* [Task requirements]
What is needed here is an exact repetition of the records below, beginning at the line that has "theory Defs" and stopping after the line that has "(LINT y|lebesgue_on D.".

[Stored data]
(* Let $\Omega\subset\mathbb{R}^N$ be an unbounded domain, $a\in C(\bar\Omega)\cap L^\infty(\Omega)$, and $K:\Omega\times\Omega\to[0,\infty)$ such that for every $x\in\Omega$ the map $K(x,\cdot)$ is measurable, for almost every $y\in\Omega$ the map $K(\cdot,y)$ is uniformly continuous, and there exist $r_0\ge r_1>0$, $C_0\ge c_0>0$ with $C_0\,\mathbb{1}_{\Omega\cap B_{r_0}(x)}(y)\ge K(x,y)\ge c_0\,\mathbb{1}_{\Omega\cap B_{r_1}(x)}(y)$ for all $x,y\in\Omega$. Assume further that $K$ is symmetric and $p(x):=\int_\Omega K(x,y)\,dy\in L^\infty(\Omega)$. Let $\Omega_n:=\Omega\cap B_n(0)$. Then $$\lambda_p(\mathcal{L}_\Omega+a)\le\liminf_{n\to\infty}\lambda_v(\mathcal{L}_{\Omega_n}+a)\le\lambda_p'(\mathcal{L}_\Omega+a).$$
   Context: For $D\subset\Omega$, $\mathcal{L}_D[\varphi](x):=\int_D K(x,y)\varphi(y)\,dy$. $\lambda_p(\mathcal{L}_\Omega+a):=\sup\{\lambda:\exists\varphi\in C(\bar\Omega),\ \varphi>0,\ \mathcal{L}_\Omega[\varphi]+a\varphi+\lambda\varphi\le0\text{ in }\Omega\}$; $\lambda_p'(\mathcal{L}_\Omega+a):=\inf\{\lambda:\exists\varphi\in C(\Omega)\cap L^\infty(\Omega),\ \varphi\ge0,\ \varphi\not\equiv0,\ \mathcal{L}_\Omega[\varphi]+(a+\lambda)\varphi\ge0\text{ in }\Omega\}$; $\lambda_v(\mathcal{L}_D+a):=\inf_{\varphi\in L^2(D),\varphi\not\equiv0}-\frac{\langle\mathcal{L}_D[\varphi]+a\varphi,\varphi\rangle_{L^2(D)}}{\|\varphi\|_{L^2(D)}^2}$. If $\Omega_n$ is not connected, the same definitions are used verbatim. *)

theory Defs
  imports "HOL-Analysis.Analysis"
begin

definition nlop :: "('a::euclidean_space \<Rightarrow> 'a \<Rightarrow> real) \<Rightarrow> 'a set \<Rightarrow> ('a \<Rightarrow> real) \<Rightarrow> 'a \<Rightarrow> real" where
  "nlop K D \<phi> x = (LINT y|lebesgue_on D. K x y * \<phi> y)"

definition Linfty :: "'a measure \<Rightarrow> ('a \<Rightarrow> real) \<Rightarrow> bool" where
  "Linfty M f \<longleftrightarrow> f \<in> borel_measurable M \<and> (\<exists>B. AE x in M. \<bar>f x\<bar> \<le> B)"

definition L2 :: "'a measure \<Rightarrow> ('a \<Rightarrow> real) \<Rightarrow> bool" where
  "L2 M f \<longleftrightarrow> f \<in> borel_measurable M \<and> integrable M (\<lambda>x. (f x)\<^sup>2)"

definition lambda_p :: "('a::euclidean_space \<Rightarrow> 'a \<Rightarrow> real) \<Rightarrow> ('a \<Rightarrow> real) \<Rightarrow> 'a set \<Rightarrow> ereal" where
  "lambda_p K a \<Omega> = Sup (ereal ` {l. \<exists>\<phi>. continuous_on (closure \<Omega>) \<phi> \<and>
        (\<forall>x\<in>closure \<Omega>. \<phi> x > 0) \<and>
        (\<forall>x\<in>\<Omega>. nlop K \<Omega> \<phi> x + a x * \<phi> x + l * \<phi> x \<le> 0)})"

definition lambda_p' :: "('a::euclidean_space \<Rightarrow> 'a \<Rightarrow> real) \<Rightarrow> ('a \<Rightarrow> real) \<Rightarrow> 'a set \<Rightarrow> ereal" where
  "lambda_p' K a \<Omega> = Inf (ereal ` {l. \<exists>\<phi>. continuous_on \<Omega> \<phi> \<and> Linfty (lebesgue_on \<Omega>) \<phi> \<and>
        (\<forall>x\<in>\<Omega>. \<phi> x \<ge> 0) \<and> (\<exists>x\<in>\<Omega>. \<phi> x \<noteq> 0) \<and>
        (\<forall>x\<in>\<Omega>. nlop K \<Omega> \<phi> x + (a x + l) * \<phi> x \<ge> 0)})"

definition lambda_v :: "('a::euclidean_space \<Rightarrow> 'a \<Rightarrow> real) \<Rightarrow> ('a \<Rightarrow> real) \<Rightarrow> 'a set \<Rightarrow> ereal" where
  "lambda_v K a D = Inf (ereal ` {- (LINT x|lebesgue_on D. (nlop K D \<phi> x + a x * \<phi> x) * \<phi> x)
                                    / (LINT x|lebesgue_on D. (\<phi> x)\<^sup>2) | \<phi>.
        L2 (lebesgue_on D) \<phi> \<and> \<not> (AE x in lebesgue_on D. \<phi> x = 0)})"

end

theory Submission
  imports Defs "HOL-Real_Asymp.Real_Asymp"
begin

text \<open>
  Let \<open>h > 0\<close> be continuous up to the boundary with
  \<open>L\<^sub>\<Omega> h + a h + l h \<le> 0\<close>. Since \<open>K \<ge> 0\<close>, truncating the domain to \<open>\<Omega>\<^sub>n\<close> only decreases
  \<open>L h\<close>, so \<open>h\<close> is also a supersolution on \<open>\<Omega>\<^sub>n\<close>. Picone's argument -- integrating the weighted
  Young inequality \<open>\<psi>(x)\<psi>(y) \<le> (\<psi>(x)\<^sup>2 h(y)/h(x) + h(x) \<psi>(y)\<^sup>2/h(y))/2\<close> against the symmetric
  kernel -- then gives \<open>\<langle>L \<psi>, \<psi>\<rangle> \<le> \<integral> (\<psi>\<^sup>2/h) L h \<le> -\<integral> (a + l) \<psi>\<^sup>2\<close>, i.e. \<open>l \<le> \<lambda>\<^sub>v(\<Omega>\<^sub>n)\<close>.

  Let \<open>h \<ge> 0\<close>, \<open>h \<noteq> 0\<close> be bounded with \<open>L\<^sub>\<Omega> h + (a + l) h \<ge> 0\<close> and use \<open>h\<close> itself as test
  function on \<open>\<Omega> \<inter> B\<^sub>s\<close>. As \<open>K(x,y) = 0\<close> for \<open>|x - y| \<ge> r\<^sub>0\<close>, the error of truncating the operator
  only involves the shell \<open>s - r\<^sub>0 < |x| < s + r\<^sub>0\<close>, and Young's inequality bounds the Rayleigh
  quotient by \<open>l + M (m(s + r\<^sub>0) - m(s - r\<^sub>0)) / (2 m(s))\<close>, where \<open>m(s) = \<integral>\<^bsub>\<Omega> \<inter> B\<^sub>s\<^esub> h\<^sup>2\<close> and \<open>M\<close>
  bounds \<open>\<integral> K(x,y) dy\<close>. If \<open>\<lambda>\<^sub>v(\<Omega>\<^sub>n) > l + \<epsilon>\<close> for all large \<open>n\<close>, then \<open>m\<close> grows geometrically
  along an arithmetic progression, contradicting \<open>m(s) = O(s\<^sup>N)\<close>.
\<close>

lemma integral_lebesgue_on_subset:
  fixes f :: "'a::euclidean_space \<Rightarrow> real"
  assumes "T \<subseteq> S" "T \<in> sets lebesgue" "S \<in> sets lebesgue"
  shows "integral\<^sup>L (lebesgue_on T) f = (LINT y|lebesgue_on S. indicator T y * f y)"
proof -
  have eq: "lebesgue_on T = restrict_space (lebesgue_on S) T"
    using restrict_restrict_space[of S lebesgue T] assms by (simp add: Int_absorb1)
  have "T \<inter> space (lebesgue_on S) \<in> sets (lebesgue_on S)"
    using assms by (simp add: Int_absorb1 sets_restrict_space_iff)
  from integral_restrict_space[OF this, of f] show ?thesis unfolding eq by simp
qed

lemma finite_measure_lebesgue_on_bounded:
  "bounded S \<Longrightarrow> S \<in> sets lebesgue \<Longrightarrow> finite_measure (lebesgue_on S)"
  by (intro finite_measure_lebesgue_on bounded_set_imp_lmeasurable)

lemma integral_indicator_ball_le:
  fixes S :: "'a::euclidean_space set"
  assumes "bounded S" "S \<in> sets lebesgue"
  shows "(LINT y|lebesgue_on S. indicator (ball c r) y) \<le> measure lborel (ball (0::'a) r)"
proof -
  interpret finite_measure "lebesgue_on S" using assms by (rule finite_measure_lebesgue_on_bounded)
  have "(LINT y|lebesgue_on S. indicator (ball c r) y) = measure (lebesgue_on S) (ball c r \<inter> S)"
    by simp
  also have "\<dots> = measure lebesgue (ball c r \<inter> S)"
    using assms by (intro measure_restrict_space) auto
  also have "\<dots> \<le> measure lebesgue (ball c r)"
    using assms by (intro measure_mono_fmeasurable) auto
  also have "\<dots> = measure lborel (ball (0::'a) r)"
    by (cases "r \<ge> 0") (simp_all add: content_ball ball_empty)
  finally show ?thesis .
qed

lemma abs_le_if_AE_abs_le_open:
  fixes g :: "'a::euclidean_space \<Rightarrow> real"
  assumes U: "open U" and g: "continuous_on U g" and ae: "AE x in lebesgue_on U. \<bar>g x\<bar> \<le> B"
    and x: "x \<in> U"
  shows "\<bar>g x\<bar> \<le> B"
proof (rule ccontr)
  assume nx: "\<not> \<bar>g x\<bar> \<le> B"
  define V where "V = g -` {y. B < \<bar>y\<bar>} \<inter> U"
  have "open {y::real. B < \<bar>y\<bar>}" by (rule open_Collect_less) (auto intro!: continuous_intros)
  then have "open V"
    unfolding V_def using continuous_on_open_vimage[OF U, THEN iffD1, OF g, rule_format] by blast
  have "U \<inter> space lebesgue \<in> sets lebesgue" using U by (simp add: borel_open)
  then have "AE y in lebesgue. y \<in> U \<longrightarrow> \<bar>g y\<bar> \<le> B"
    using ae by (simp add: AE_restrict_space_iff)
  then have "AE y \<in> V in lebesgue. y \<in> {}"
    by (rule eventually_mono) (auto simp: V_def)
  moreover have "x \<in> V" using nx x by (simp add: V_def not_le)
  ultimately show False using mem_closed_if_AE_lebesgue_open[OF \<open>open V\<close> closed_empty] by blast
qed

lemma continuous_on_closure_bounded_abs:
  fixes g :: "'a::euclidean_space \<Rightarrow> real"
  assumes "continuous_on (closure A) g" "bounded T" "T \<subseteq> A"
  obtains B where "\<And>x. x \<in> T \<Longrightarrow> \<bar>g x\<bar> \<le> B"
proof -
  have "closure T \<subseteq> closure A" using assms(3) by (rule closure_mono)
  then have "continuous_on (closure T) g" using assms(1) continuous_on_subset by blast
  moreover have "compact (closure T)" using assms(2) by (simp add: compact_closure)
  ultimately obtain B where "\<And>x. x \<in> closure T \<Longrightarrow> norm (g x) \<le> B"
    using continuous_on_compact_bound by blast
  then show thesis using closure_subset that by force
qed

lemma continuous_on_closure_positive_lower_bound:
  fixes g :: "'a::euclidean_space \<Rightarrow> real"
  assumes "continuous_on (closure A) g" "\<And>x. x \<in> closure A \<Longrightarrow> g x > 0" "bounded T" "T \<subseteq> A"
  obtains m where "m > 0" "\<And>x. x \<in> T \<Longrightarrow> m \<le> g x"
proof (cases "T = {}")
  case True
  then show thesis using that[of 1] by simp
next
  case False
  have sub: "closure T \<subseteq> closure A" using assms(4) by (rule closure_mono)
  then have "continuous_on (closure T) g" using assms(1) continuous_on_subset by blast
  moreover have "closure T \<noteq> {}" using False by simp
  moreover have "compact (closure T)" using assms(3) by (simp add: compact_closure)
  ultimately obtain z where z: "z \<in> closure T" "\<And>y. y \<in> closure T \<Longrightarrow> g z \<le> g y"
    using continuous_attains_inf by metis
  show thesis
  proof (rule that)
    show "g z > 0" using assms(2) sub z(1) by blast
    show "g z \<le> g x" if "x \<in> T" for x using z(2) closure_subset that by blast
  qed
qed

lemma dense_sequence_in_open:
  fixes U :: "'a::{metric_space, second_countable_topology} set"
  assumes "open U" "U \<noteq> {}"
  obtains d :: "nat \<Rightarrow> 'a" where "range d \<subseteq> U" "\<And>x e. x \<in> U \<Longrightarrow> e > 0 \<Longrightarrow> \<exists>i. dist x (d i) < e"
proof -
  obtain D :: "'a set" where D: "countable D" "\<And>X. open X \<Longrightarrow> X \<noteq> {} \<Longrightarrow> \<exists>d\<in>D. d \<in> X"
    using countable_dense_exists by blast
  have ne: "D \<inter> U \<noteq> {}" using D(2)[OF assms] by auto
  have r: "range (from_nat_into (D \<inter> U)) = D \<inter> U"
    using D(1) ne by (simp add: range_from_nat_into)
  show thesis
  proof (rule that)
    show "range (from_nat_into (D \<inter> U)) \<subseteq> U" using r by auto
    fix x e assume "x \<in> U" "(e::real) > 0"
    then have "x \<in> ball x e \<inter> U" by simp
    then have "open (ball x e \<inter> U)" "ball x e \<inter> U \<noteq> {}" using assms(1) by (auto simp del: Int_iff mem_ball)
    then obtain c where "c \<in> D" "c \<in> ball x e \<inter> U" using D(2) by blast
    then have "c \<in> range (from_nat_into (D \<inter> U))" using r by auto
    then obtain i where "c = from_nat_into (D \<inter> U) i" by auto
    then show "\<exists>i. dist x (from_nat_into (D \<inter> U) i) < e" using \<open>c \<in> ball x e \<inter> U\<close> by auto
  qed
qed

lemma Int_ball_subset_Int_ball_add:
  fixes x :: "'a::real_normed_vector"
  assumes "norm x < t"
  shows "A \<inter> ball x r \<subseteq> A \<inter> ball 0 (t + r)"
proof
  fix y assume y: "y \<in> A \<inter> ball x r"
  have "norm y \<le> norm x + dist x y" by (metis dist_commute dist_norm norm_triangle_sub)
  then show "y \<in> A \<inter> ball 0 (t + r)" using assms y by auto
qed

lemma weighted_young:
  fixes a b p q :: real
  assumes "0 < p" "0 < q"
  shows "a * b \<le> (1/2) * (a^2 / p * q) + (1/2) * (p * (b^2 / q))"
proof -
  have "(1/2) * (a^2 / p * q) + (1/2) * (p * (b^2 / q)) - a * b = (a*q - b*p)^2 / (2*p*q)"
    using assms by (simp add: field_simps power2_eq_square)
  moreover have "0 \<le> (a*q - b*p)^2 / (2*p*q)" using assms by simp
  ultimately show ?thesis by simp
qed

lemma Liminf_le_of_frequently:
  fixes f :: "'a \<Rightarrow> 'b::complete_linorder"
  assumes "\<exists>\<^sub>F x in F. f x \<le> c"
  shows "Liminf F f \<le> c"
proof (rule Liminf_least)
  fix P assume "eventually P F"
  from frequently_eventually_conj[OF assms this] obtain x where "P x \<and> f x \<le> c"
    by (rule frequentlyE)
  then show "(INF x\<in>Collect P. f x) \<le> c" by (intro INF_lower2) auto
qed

* [Completed exercise]
theory Defs
  imports "HOL-Analysis.Analysis"
begin

definition nlop :: "('a::euclidean_space \<Rightarrow> 'a \<Rightarrow> real) \<Rightarrow> 'a set \<Rightarrow> ('a \<Rightarrow> real) \<Rightarrow> 'a \<Rightarrow> real" where
  "nlop K D \<phi> x = (LINT y|lebesgue_on D. K x y * \<phi> y)"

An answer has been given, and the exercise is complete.